Ancak hem askeri hem sivil cephenin her ikisinde irade sıfatından gelen şeriata uyma fırsatları, takatleri yoktu. Kalkıp da iki buçuk milyon insanı tünellerde koruyamazlardı. Bu sorumluluk önce Müslümanların sonra da tüm insanlığın vicdanına havale edilmişti.
Gazze dışındaki Müslümanların büyük bir kısmının zaten her iki şeriatı da kendi beldelerinde ele alış biçimleri sorunluydu.
Böyle olunca Amerika ve dünya düzeni korkusu, dengeler ve çıkarlar gibi öğrenilmiş çaresizlikler, Alem-i İslamın etkili ve yetkili temsilcilerine can simidi gibi geldi.
İşte ilk başta zikrettiğimiz cezalardaki yanılsamalar bu iki şeriatın birbirine karıştırılmasından da kaynaklanıyor.
Bir kere irade sıfatından gelen fıtri şeriatta cezanın affedilmesi veya ertelenmesi diye bir şey “harikulade haller” yani “mucize ve kerametler” dışında mümkün değildir. Yüksekten boşluğa bırakılan bir taşın düşmesi bir cezadır yani karşılıktır ve bu gerçeklik, yoruma ihtiyaç duymaz.
Kelam sıfatından gelen şeriatte ise elbette ki tevbe ve istiğfar halinde af, mağfiret vardır: “Şüphesiz mü'min erkeklerle mü'min kadınlara işkence edip, sonra da tövbe etmeyenlere; cehennem azabı ve yangın azabı vardır.” (Buruc Suresi 10)

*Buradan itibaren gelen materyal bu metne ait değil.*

text \<open>All four Gamma kernels are reduced to the one with shifts \<open>common_shift v\<close>, which leaves a
  polynomial identity.\<close>
lemma wz_term_step:
  assumes y: "admissible y" and v: "v < 7"
  shows "wz_term 0 (translate y (step_dir v)) - wz_term 0 y =
    wz_term v (translate y (step_dir 0)) - wz_term v y"
proof -
  have nonneg: "common_shift v i \<ge> 0" if "6 \<le> i" "i < 11" for i
    using that cert_shift_eq_0 kernel_shift_step_dir_nonneg[OF v] kernel_shift_step_dir_nonneg[of 0]
    by (simp add: common_shift_def Let_def)
  have reduce: "gamma_kernel y s = kernel_ratio y s (common_shift v) * gamma_kernel y (common_shift v)"
    if "s \<in> {\<lambda>i. cert_shift 0 i + kernel_shift (step_dir v) i, cert_shift 0,
              \<lambda>i. cert_shift v i + kernel_shift (step_dir 0) i, cert_shift v}" for s
  proof (rule gamma_kernel_reduce)
    show "common_shift v i \<le> s i" if "i < 11" for i
      using that \<open>s \<in> _\<close> by (auto simp: common_shift_def Let_def)
    show "s (11 + j) \<le> common_shift v (11 + j)" for j
      using \<open>s \<in> _\<close> by (auto simp: common_shift_def Let_def)
    show "num_arg i y + of_int (common_shift v i) \<notin> \<int>\<^sub>\<le>\<^sub>0" if "i < 11" for i
      by (rule admissible_num_arg_add[OF y that]) (use nonneg that in auto)
  qed
  note tables = num_coeffs_def num_consts_def den_coeffs_def den_consts_def
    cert_coeffs_def cert_shift_def cert_shifts_def step_dir_def kernel_shift_def int_linear_form_def
    common_shift_def
  have "v = 0 \<or> v = 1 \<or> v = 2 \<or> v = 3 \<or> v = 4 \<or> v = 5 \<or> v = 6" using v by presburger
  then show ?thesis
    unfolding wz_term_translate
    unfolding wz_term_def reduce[of "\<lambda>i. cert_shift 0 i + kernel_shift (step_dir v) i", simplified]
      reduce[of "cert_shift 0", simplified] reduce[of "cert_shift v", simplified]
      reduce[of "\<lambda>i. cert_shift v i + kernel_shift (step_dir 0) i", simplified]
    unfolding kernel_ratio_def num_arg_def den_arg_def linear_form_def
    apply (elim disjE; hypsubst_thin)
    apply (simp_all add: tables Let_def sum_lessThan_7 prod_lessThan_11 prod_lessThan_16)
    apply algebra+
    done
qed

section \<open>Telescoping along lattice paths\<close>

lemma admissible_translate:
  assumes "admissible y" "v < 7"
  shows "admissible (translate y (step_dir v))"
  unfolding admissible_def
proof (intro conjI allI impI ballI)
  fix i :: nat and m :: int assume "i < 6"
  then show "num_arg i (translate y (step_dir v)) + of_int m \<notin> \<int>\<^sub>\<le>\<^sub>0"
    using admissible_num_arg_add[OF assms(1), of i "kernel_shift (step_dir v) i + m"]
    by (simp add: num_arg_translate add.assoc)
next
  fix i :: nat assume "i \<in> {6..<11}"
  then show "num_arg i (translate y (step_dir v)) \<notin> \<int>\<^sub>\<le>\<^sub>0"
    using admissible_num_arg_add[OF assms(1)] kernel_shift_step_dir_nonneg[OF assms(2)]
    by (simp add: num_arg_translate)
qed

fun path_mate :: "nat list \<Rightarrow> (nat \<Rightarrow> complex) \<Rightarrow> complex" where
  "path_mate [] y = 0"
| "path_mate (v # p) y = wz_term v y + path_mate p (translate y (step_dir v))"
(* Let $G(V)$ be a network, $\varepsilon>0$, and $S\subseteq V$ with $|S|\ge2$ such that $R_{\mathrm{eff}}(u,v)\ge\varepsilon$ for all distinct $u,v\in S$. Then there is $S'\subseteq S$ with $|S'|\ge|S|/2$ such that $R_{\mathrm{eff}}(v,S\setminus\{v\})\ge\varepsilon/4$ for every $v\in S'$.
   Context: A network is a finite connected graph $G=(V,E)$ with symmetric conductances $c_{xy}\ge0$, $c_{xy}>0$ iff $xy\in E$; $R_{\mathrm{eff}}$ is effective resistance. For $v\in V$ and nonempty $T\subseteq V\setminus\{v\}$, $R_{\mathrm{eff}}(v,T)$ is the effective resistance between $v$ and the vertex obtained by identifying all vertices of $T$ into one vertex (conductances from $x$ to the glued vertex being $\sum_{y\in T}c_{xy}$). *)

theory Defs
  imports Main Complex_Main
begin

definition network :: "'a set \<Rightarrow> ('a \<Rightarrow> 'a \<Rightarrow> real) \<Rightarrow> bool" where
  "network V c \<longleftrightarrow> finite V \<and> V \<noteq> {} \<and>
     (\<forall>x y. c x y = c y x) \<and> (\<forall>x y. c x y \<ge> 0) \<and>
     (\<forall>x y. c x y > 0 \<longrightarrow> x \<in> V \<and> y \<in> V) \<and>
     (\<forall>x\<in>V. \<forall>y\<in>V. (\<lambda>a b. c a b > 0)\<^sup>*\<^sup>* x y)"

definition energy :: "'a set \<Rightarrow> ('a \<Rightarrow> 'a \<Rightarrow> real) \<Rightarrow> ('a \<Rightarrow> real) \<Rightarrow> real" where
  "energy V c f = (1/2) * (\<Sum>x\<in>V. \<Sum>y\<in>V. c x y * (f x - f y)^2)"

text \<open>Effective conductance between v and the set T (all of T glued to one vertex),
by the Dirichlet principle: infimum of the energy over potentials equal to 1 at v and
0 on T.  Functions vanishing on T are exactly the potentials of the glued network.\<close>
definition eff_cond :: "'a set \<Rightarrow> ('a \<Rightarrow> 'a \<Rightarrow> real) \<Rightarrow> 'a \<Rightarrow> 'a set \<Rightarrow> real" where
  "eff_cond V c v T = Inf {energy V c f | f. f v = 1 \<and> (\<forall>x\<in>T. f x = 0)}"

definition R_eff_set :: "'a set \<Rightarrow> ('a \<Rightarrow> 'a \<Rightarrow> real) \<Rightarrow> 'a \<Rightarrow> 'a set \<Rightarrow> real" where
  "R_eff_set V c v T = 1 / eff_cond V c v T"

definition R_eff :: "'a set \<Rightarrow> ('a \<Rightarrow> 'a \<Rightarrow> real) \<Rightarrow> 'a \<Rightarrow> 'a \<Rightarrow> real" where
  "R_eff V c u v = R_eff_set V c u {v}"

end

theory Submission
  imports Defs
begin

Yine bir takım gayelerle mühlet verme vardır: “Hiç şüphesiz Allah zâlime mühlet verir. Onu yakalayınca da kaçmasına fırsat vermez.” (Buhari, Müslim)

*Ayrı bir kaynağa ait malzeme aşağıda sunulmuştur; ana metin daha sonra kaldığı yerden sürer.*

(* Let $D\subset\mathbb R^d$ be compact and let $L_1,L_2$ be compact metric spaces. Let $\varphi_i:D\times L_i\to\mathbb R^n$ ($i=1,2$) be continuous maps such that (a) they are $\alpha$-Hölder with respect to $x$: there are $C>0$ and $\alpha\in(0,1]$ with $\|\varphi_i(\xi,x)-\varphi_i(\xi,y)\|\le C\,\rho_i(x,y)^\alpha$ for all $\xi\in D$, $x,y\in L_i$ ($\rho_i$ the metric of $L_i$); and (b) there is $M>0$ such that for all $x_1\in L_1$, $x_2\in L_2$, $\xi,\xi'\in D$, the function $\Phi(\xi,x_1,x_2)=\varphi_1(\xi,x_1)-\varphi_2(\xi,x_2)$ satisfies $\|\Phi(\xi',x_1,x_2)-\Phi(\xi,x_1,x_2)\|\ge M|\xi'-\xi|$. Then $\Delta=\{\xi\in D:\varphi_1(\xi,L_1)\cap\varphi_2(\xi,L_2)\neq\varnothing\}$ is a compact set and $$\dim_H\Delta\le\min\left\{\frac{\dim_H(L_1\times L_2)}{\alpha},\,d\right\}.$$ *)

theory Defs
  imports "HOL-Analysis.Analysis"
begin

definition hausdorff_content :: "real \<Rightarrow> real \<Rightarrow> 'a::metric_space set \<Rightarrow> ennreal" where
  "hausdorff_content s \<delta> A =
     (INF U \<in> {U :: nat \<Rightarrow> 'a set. A \<subseteq> (\<Union>i. U i) \<and> (\<forall>i. bounded (U i) \<and> diameter (U i) \<le> \<delta>)}.
        (\<Sum>i. ennreal (diameter (U i) powr s)))"

definition hausdorff_measure :: "real \<Rightarrow> 'a::metric_space set \<Rightarrow> ennreal" where
  "hausdorff_measure s A = (SUP \<delta> \<in> {0<..}. hausdorff_content s \<delta> A)"

definition hausdorff_dim :: "'a::metric_space set \<Rightarrow> ereal" where
  "hausdorff_dim A = Inf (ereal ` {s. s > 0 \<and> hausdorff_measure s A = 0})"

end

theory Submission
  imports Defs
begin

text \<open>The parameter \<xi> of a coincidence \<phi>1 \<xi> x1 = \<phi>2 \<xi> x2 is determined by the pair (x1, x2):
  comparing two coincidences with the transversality condition (b) and the H\<ouml>lder condition (a)
  gives M |\<xi>' - \<xi>| \<le> 2C |(x1, x2) - (y1, y2)|^\<alpha>. Hence \<Delta> is the image of a subset of
  L1 \<times> L2 under an \<alpha>-H\<ouml>lder map, and an \<alpha>-H\<ouml>lder map multiplies Hausdorff dimension by at most
  1/\<alpha>. The bound by d holds for every bounded subset of \<real>^d, by covering it with O(N^d) grid
  cells of diameter at most d/N. Compactness holds because \<Delta> is the projection of the compact zero set of
  (\<xi>, x1, x2) \<mapsto> \<phi>1 \<xi> x1 - \<phi>2 \<xi> x2.\<close>

lemma hausdorff_content_le_cover:
  assumes "A \<subseteq> (\<Union>i. U i)" "\<And>i. bounded (U i)" "\<And>i. diameter (U i) \<le> \<delta>"
  shows "hausdorff_content s \<delta> A \<le> (\<Sum>i. ennreal (diameter (U i) powr s))"
  unfolding hausdorff_content_def by (rule INF_lower) (use assms in auto)

lemma hausdorff_content_le_finite_cover:
  assumes "finite F" "A \<subseteq> \<Union>F" "\<And>V. V \<in> F \<Longrightarrow> bounded V \<and> diameter V \<le> \<delta>" "0 \<le> \<delta>"
  shows "hausdorff_content s \<delta> A \<le> ennreal (\<Sum>V\<in>F. diameter V powr s)"
proof -
  obtain f where f: "bij_betw f {0..<card F} F" using ex_bij_betw_nat_finite[OF assms(1)] by blast
  define U where "U n = (if n < card F then f n else {})" for n
  have "A \<subseteq> (\<Union>i. U i)"
  proof
    fix x assume "x \<in> A"
    then obtain V where "V \<in> F" "x \<in> V" using assms(2) by blast
    then have "V \<in> f ` {0..<card F}" using f by (simp add: bij_betw_def)
    then obtain n where "n < card F" "f n = V" by auto
    then show "x \<in> (\<Union>i. U i)" using \<open>x \<in> V\<close> unfolding U_def by (intro UN_I[of n]) auto
  qed
  moreover have "bounded (U i) \<and> diameter (U i) \<le> \<delta>" for i
    using assms(3,4) bij_betw_apply[OF f] by (auto simp: U_def)
  ultimately have "hausdorff_content s \<delta> A \<le> (\<Sum>i. ennreal (diameter (U i) powr s))"
    by (intro hausdorff_content_le_cover) auto
  also have "\<dots> = (\<Sum>i\<in>{0..<card F}. ennreal (diameter (f i) powr s))"
    by (subst suminf_finite[of "{0..<card F}"]) (auto simp: U_def intro!: sum.cong)
  also have "\<dots> = (\<Sum>V\<in>F. ennreal (diameter V powr s))"
    using sum.reindex_bij_betw[OF f, of "\<lambda>V. ennreal (diameter V powr s)"] by simp
  finally show ?thesis by simp
qed

lemma hausdorff_measure_zeroI:
  assumes "\<And>\<delta> \<epsilon>. \<delta> > 0 \<Longrightarrow> \<epsilon> > 0 \<Longrightarrow> hausdorff_content s \<delta> A \<le> ennreal \<epsilon>"
  shows "hausdorff_measure s A = 0"
proof -
  have "hausdorff_content s \<delta> A \<le> 0" if "\<delta> > 0" for \<delta>
    by (rule ennreal_le_epsilon) (use assms that in auto)
  then show ?thesis unfolding hausdorff_measure_def by (simp add: SUP_eq_const)
qed

lemma hausdorff_measure_zeroD:
  assumes "hausdorff_measure s A = 0" "\<delta> > 0" "\<epsilon> > 0"
  obtains U where "A \<subseteq> (\<Union>i. U i)" "\<And>i. bounded (U i)" "\<And>i. diameter (U i) \<le> \<delta>"
    "(\<Sum>i. ennreal (diameter (U i) powr s)) < ennreal \<epsilon>"
proof -
  have "hausdorff_content s \<delta> A \<le> hausdorff_measure s A"
    unfolding hausdorff_measure_def by (rule SUP_upper) (use assms in auto)
  then have "hausdorff_content s \<delta> A < ennreal \<epsilon>" using assms by simp
  then show ?thesis using that unfolding hausdorff_content_def by (subst (asm) INF_less_iff) auto
qed

lemma hausdorff_measure_zero_subset:
  assumes "A \<subseteq> B" "hausdorff_measure s B = 0"
  shows "hausdorff_measure s A = 0"
proof (rule hausdorff_measure_zeroI)
  fix \<delta> \<epsilon> :: real assume "\<delta> > 0" "\<epsilon> > 0"
  obtain U where U: "B \<subseteq> (\<Union>i. U i)" "\<And>i. bounded (U i)" "\<And>i. diameter (U i) \<le> \<delta>"
    "(\<Sum>i. ennreal (diameter (U i) powr s)) < ennreal \<epsilon>"
    by (rule hausdorff_measure_zeroD[OF assms(2) \<open>\<delta> > 0\<close> \<open>\<epsilon> > 0\<close>]) blast
  have "hausdorff_content s \<delta> A \<le> (\<Sum>i. ennreal (diameter (U i) powr s))"
    by (rule hausdorff_content_le_cover) (use U assms(1) in auto)
  then show "hausdorff_content s \<delta> A \<le> ennreal \<epsilon>" using U(4) by simp
qed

Aleme nizam vermeye kalkan küresel sırtlanlar, hınzırlar ve canavarlar, Sahibleri olan Hak Teala’yı tanımadan ve umursamadan kendi menfaatleri için fıtri şeriata uyduklarını göstererek herkese sihir yaptılar, hipnoz ettiler, uyuttular.
Ancak mevzu İslam’ın hükmetmesini önleme ve siyonist projenin güvenliği olunca bu irade sıfatından gelen şeriatı ıskaladılar ve dolayısıyla cezaları; evvela finansa dayalı fiziki kuvvet dışında insanlığa kendilerini satacakları herhangi bir değerler manzumesinin kalmaması oldu.
Fıtri şeriatı hafife aldıkları için asırlardır batılı güçler eliyle tokatlanan Müslümanları ise şimdi kelam sıfatından gelen büyük bir ceza bekliyor: “Her kim bir Müslüman’ın saygınlığının kaybolacağı, onurunun zayıflayacağı bir yerde yardımsız bırakırsa, Allah da onu kendisine yardım edilmesini arzu ettiği yerde yalnız bırakır..” (Ebu Davud)
Bu ceza ise ya şefkat tokadı olacak ya da zecr tokadı.
Şefkat tokadı, pişman edip hatasından döndüren ve tekrar yola getiren tokattır.
Zecr tokadı ise, hatasından döndürmeyen, kişiyi hayırdan büsbütün mahrum eden tokattır.
Bundan sonra İslam beldelerindeki her felakette, her olumsuzlukta, her siyasi, ekonomik ve diğer sıkıntılarda, akla, Gazze karşısında takınılan tutum gelecektir.
Allah cc akıbetleri hayr eylesin.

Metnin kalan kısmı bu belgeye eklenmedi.